For starters, all three of the original series, and by extension Robotech, fell squarely into what’s typically called the “real robot” genre of Japanese animation. Instead of featuring sentient robots with amazing super-powers, the robots that gave Robotech the first two and a half syllables of its name were human-piloted military vehicles. They didn’t talk, they didn’t have personalities – they were just tools, like a modern fighter plane or tank. As a result, not only did they immediately seem more real, they also didn’t hog the spotlight. The real stars of the show were the pilots, and as much time as they spent flying their fantastic machines in battle, they spent at least as much dealing with their lives and interpersonal relationships. That depiction of the life between battles was the thing that truly set Robotech apart. While the main characters were (mostly) military men and women fighting for the completely just cause of self-defense, they were scared and confused and at times deeply ambivalent about what they were doing. They fought because they had to, not because they wanted to, and when one of their friends died in combat (that’s right, a mid-80s cartoon where people, even major characters died and never came back), they felt it. Just as the robots seemed more real, so did the people.

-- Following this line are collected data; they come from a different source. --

lemma exists_regular_combination:
  assumes "finite B" and "\<forall>b\<in>B. b \<bullet> x \<noteq> 0 \<or> b \<bullet> y \<noteq> 0"
  shows "\<exists>t. regular_vector B (x + t *\<^sub>R y)"
proof -
  have "finite ((\<lambda>b. - (b \<bullet> x) / (b \<bullet> y)) ` B)" using assms(1) by simp
  then obtain t :: real where t: "t \<notin> (\<lambda>b. - (b \<bullet> x) / (b \<bullet> y)) ` B"
    using ex_new_if_finite[OF infinite_UNIV_char_0] by blast
  have "b \<bullet> x + t * (b \<bullet> y) \<noteq> 0" if "b \<in> B" for b
  proof (cases "b \<bullet> y = 0")
    case True
    then show ?thesis using assms(2) that by auto
  next
    case False
    show ?thesis
    proof
      assume "b \<bullet> x + t * (b \<bullet> y) = 0"
      then have "t = - (b \<bullet> x) / (b \<bullet> y)" using False by (simp add: field_simps)
      then show False using t that by simp
    qed
  qed
  then show ?thesis by (auto simp: regular_vector_def inner_add_right)
qed

lemma exists_regular_vector:
  assumes "finite B" and "0 \<notin> B"
  shows "\<exists>x. regular_vector B x"
  using assms
proof (induction B rule: finite_induct)
  case empty
  then show ?case by (simp add: regular_vector_def)
next
  case (insert c B)
  then obtain x where "regular_vector B x" by auto
  then have "\<forall>b\<in>insert c B. b \<bullet> x \<noteq> 0 \<or> b \<bullet> c \<noteq> 0"
    using insert.prems by (auto simp: regular_vector_def)
  then show ?case using exists_regular_combination insert.hyps(1) by blast
qed

section \<open>Simple roots and the stabiliser of a regular vector\<close>

lemma nat_sign_change:
  fixes f :: "nat \<Rightarrow> 'a::linorder"
  assumes "f i \<le> c" and "c < f j" and "i \<le> j"
  shows "\<exists>m. i \<le> m \<and> m < j \<and> f m \<le> c \<and> c < f (Suc m)"
  using assms
proof (induction j)
  case 0
  then show ?case by simp
next
  case (Suc j)
  show ?case
  proof (cases "c < f j \<and> i \<le> j")
    case True
    then show ?thesis using Suc by (meson less_Suc_eq)
  next
    case False
    then show ?thesis using Suc.prems by (metis le_Suc_eq lessI not_less)
  qed
qed

locale positive_system =
  fixes R :: "'a::euclidean_space set" and z :: 'a
  assumes root_system: "root_system R" and regular: "regular_vector R z"
begin

definition positive_roots :: "'a set" where
  "positive_roots = {a \<in> R. 0 < a \<bullet> z}"

definition normalised :: "'a \<Rightarrow> 'a" where
  "normalised a = (1 / (a \<bullet> z)) *\<^sub>R a"

text \<open>The positive roots, rescaled onto the affine hyperplane \<open>x \<bullet> z = 1\<close>, span a polytope;
  its vertices are the simple roots.\<close>
definition simple_roots :: "'a set" where
  "simple_roots = {e. e extreme_point_of convex hull (normalised ` positive_roots)}"

lemma finite_positive_roots: "finite positive_roots"
  using root_system by (simp add: positive_roots_def root_system_def)

lemma normalised_in_hull: "a \<in> positive_roots \<Longrightarrow> normalised a \<in> convex hull (normalised ` positive_roots)"
  by (simp add: hull_inc)

lemma inner_normalised: "a \<in> positive_roots \<Longrightarrow> normalised a \<bullet> z = 1"
  by (simp add: positive_roots_def normalised_def)

lemma refl_normalised: "a \<in> positive_roots \<Longrightarrow> refl (normalised a) = refl a"
  by (simp add: positive_roots_def normalised_def refl_scaleR)

lemma simple_roots_subset: "simple_roots \<subseteq> normalised ` positive_roots"
  unfolding simple_roots_def using extreme_point_of_convex_hull by blast

lemma finite_simple_roots: "finite simple_roots"
  using finite_subset[OF simple_roots_subset] finite_positive_roots by blast

lemma positive_root_uminus: "a \<in> R \<Longrightarrow> a \<bullet> z < 0 \<Longrightarrow> - a \<in> positive_roots"
  using root_system_uminus[OF root_system] by (simp add: positive_roots_def)

lemma positive_roots_cases: "a \<in> R \<Longrightarrow> a \<in> positive_roots \<or> - a \<in> positive_roots"
  using regular positive_root_uminus by (force simp: positive_roots_def regular_vector_def)

lemma normalised_sum_in_segment:
  assumes a: "a \<in> positive_roots" and b: "b \<in> positive_roots"
    and e: "e \<bullet> z = 1" "a + b = c *\<^sub>R e"
  shows "e \<in> closed_segment (normalised a) (normalised b)"
proof -
  have az: "0 < a \<bullet> z" and bz: "0 < b \<bullet> z" using a b by (auto simp: positive_roots_def)
  have c: "c = a \<bullet> z + b \<bullet> z" using arg_cong[OF e(2), of "\<lambda>v. v \<bullet> z"] e(1)
    by (simp add: inner_add_left)
  with az bz have "0 < c" by simp
  define u where "u = (b \<bullet> z) / c"
  have u: "0 \<le> u" "u \<le> 1" using \<open>0 < c\<close> az bz c by (auto simp: u_def divide_le_eq)
  have "1 - u = (a \<bullet> z) / c" using \<open>0 < c\<close> c by (simp add: u_def field_simps)
  then have "(1 - u) *\<^sub>R normalised a = (1 / c) *\<^sub>R a" using az by (simp add: normalised_def)
  moreover have "u *\<^sub>R normalised b = (1 / c) *\<^sub>R b" using bz by (simp add: normalised_def u_def)
  moreover have "(1 / c) *\<^sub>R (a + b) = e" using \<open>0 < c\<close> e(2) by simp
  ultimately have "e = (1 - u) *\<^sub>R normalised a + u *\<^sub>R normalised b"
    by (simp add: scaleR_add_right)
  then show ?thesis using u by (auto simp: in_segment)
qed

lemma refl_simple_root_positive:
  assumes e: "e \<in> simple_roots" and a: "a \<in> positive_roots" and not_prop: "\<forall>c. a \<noteq> c *\<^sub>R e"
  shows "refl e a \<in> positive_roots"
proof (rule ccontr)
  assume not_pos: "refl e a \<notin> positive_roots"
  obtain a0 where a0: "a0 \<in> positive_roots" "e = normalised a0"
    using e simple_roots_subset by blast
  have ez: "e \<bullet> z = 1" using a0 inner_normalised by simp
  have ea: "refl e a \<in> R"
    using root_system_refl[OF root_system] a0 a by (simp add: refl_normalised positive_roots_def)
  have "refl e a \<bullet> z \<noteq> 0" using regular ea by (simp add: regular_vector_def)
  moreover have "\<not> 0 < refl e a \<bullet> z" using not_pos ea by (simp add: positive_roots_def)
  ultimately have "refl e a \<bullet> z < 0" by linarith
  define c where "c = 2 * (a \<bullet> e) / (e \<bullet> e)"
  define b where "b = c *\<^sub>R e - a"
  have "refl e a = - b" by (simp add: refl_def b_def c_def)
  then have b: "b \<in> positive_roots"
    using positive_root_uminus[OF ea \<open>refl e a \<bullet> z < 0\<close>] by simp
  have "e \<in> closed_segment (normalised a) (normalised b)"
    using normalised_sum_in_segment[OF a b ez, of c] by (simp add: b_def)
  moreover have "e \<noteq> normalised a"
  proof
    assume "e = normalised a"
    then have "a = (a \<bullet> z) *\<^sub>R e" using a by (simp add: normalised_def positive_roots_def)
    then show False using not_prop by blast
  qed
  moreover have "e \<noteq> normalised b"
  proof
    assume "e = normalised b"
    then have "b = (b \<bullet> z) *\<^sub>R e" using b by (simp add: normalised_def positive_roots_def)
    moreover have "a = c *\<^sub>R e - b" by (simp add: b_def)
    ultimately have "a = (c - b \<bullet> z) *\<^sub>R e" by (simp add: scaleR_diff_left)
    then show False using not_prop by blast
  qed
  ultimately have "e \<in> open_segment (normalised a) (normalised b)"
    by (simp add: open_segment_def)
  moreover have "e extreme_point_of convex hull (normalised ` positive_roots)"
    using e by (simp add: simple_roots_def)
  ultimately show False
    using normalised_in_hull[OF a] normalised_in_hull[OF b] by (simp add: extreme_point_of_def)
qed

lemma exists_simple_root_inner_pos:
  assumes a: "a \<in> positive_roots"
  shows "\<exists>e\<in>simple_roots. 0 < a \<bullet> e"
proof (rule ccontr)
  assume "\<not> ?thesis"
  then have le: "a \<bullet> e \<le> 0" if "e \<in> simple_roots" for e using that by force
  have "normalised a \<in> convex hull simple_roots"
    using normalised_in_hull[OF a] Krein_Milman_polytope[of "normalised ` positive_roots"]
      finite_positive_roots by (simp add: simple_roots_def)
  then obtain w where w: "\<forall>e\<in>simple_roots. 0 \<le> w e"
    "(\<Sum>e\<in>simple_roots. w e *\<^sub>R e) = normalised a"
    using convex_hull_finite[OF finite_simple_roots] by blast
  have az: "0 < a \<bullet> z" using a by (simp add: positive_roots_def)
  then have "0 < a \<bullet> normalised a" by (auto simp: normalised_def intro!: divide_pos_pos)
  also have "a \<bullet> normalised a = (\<Sum>e\<in>simple_roots. w e * (a \<bullet> e))"
    by (simp add: w(2)[symmetric] inner_sum_right)
  also have "\<dots> \<le> 0" using w(1) le by (intro sum_nonpos) (simp add: mult_nonneg_nonpos)
  finally show False by simp
qed

text \<open>A simple root \<open>e\<close> with \<open>a \<bullet> e > 0\<close> reflects \<open>a\<close> to a positive root \<open>a'\<close> with
  \<open>a' \<bullet> z < a \<bullet> z\<close>, unless \<open>a\<close> is a multiple of \<open>e\<close>; and \<open>refl a\<close> is conjugate to
  \<open>refl a'\<close> by \<open>refl e\<close>.\<close>
lemma refl_positive_in_simple_group:
  "a \<in> positive_roots \<Longrightarrow> refl a \<in> refl_group simple_roots"
proof (induction "card {b \<in> positive_roots. b \<bullet> z < a \<bullet> z}" arbitrary: a rule: less_induct)
  case less
  obtain e where e: "e \<in> simple_roots" "0 < a \<bullet> e"
    using exists_simple_root_inner_pos[OF less.prems] by blast
  show ?case
  proof (cases "\<exists>c. a = c *\<^sub>R e")
    case True
    then obtain c where c: "a = c *\<^sub>R e" by blast
    then have "c \<noteq> 0" using less.prems by (auto simp: positive_roots_def)
    then show ?thesis using c e(1) by (simp add: refl_scaleR refl_in_refl_group)
  next
    case False
    define a' where "a' = refl e a"
    have a': "a' \<in> positive_roots"
      using refl_simple_root_positive[OF e(1) less.prems] False by (simp add: a'_def)
    have ez: "e \<bullet> z = 1" using e(1) simple_roots_subset inner_normalised by blast
    then have "0 < e \<bullet> e" by (metis inner_gt_zero_iff inner_zero_left zero_neq_one)
    then have "a' \<bullet> z < a \<bullet> z" using e(2) ez by (simp add: a'_def refl_def inner_diff_left)
    then have "{b \<in> positive_roots. b \<bullet> z < a' \<bullet> z} \<subset> {b \<in> positive_roots. b \<bullet> z < a \<bullet> z}"
      using a' by auto
    then have "card {b \<in> positive_roots. b \<bullet> z < a' \<bullet> z} < card {b \<in> positive_roots. b \<bullet> z < a \<bullet> z}"
      using finite_positive_roots by (simp add: psubset_card_mono)
    then have "refl a' \<in> refl_group simple_roots" using less.hyps a' by blast
    moreover have "refl a = refl e \<circ> refl a' \<circ> refl e"
      using orthogonal_transformation_refl_conj[OF orthogonal_transformation_refl, of e a']
      by (simp add: fun_eq_iff a'_def)
    ultimately show ?thesis using e(1) by (simp add: refl_group_comp refl_in_refl_group)
  qed
qed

Now, it just so happens that Robotech is slated for a Hollywood remake. Likely spurred on by the huge success of Michael Bay’s Transformers, work is underway on creating a big-screen adaptation. While initial news was promising, like the involvement of producers from The Dark Knight and a script being written by Lawrence Kasdan, things have kind of hit the skids of late. Writing duties have been given to Alfred Millar and Miles Gough (of Smallville fame), and while I don’t want to cast undue aspersions upon those two scribes, I will say that Smallville was rarely, if ever, subtle and nuanced.

Clearly I’m a Robotech fanboy. I make no claim otherwise, and I’m completely aware that it’s essentially impossible to remake anything without pissing off the fanboys. I’ve grown up over the last 24 years with a very clear idea of what Robotech means and what any new approach to it should look like. I’m going to try my best to put as much of that as possible aside as news dribbles out and when I finally sit in the darkened theater to see the thing. What gets me, though, and what threatens to knock all of that attempted goodwill into a cocked hat is the fact that there’s a chance here, just as there was with Galactica, to do it so very, very right. While the source material is occasionally lumpy (the dialogue is at times painfully hokey), the themes and ideas are unquestionably there. At a time when our country is struggling with two wars of at best… uhm, complicated provenance, here’s a chance to show a war of complete necessity that is still presented as painful, confusing, and difficult. Here’s a chance to show young people growing and changing as a result of the hardships of war, and how their perspectives and priorities change under the heavy burdens of responsibility and constant reminders of their mortality. It’s a chance to do sci-fi right. And hey, big transforming robots. Bonus.

I guess this is just a very long-winded way of saying two things – 1> I’m sick to death of stupid science fiction that misses the point entirely, as well as remakes that are either about making fun of the source material or just riding it for a quick nostalgia cash-in, and 2> please don’t screw up Robotech, folks. It is so much better, and it deserves so much better.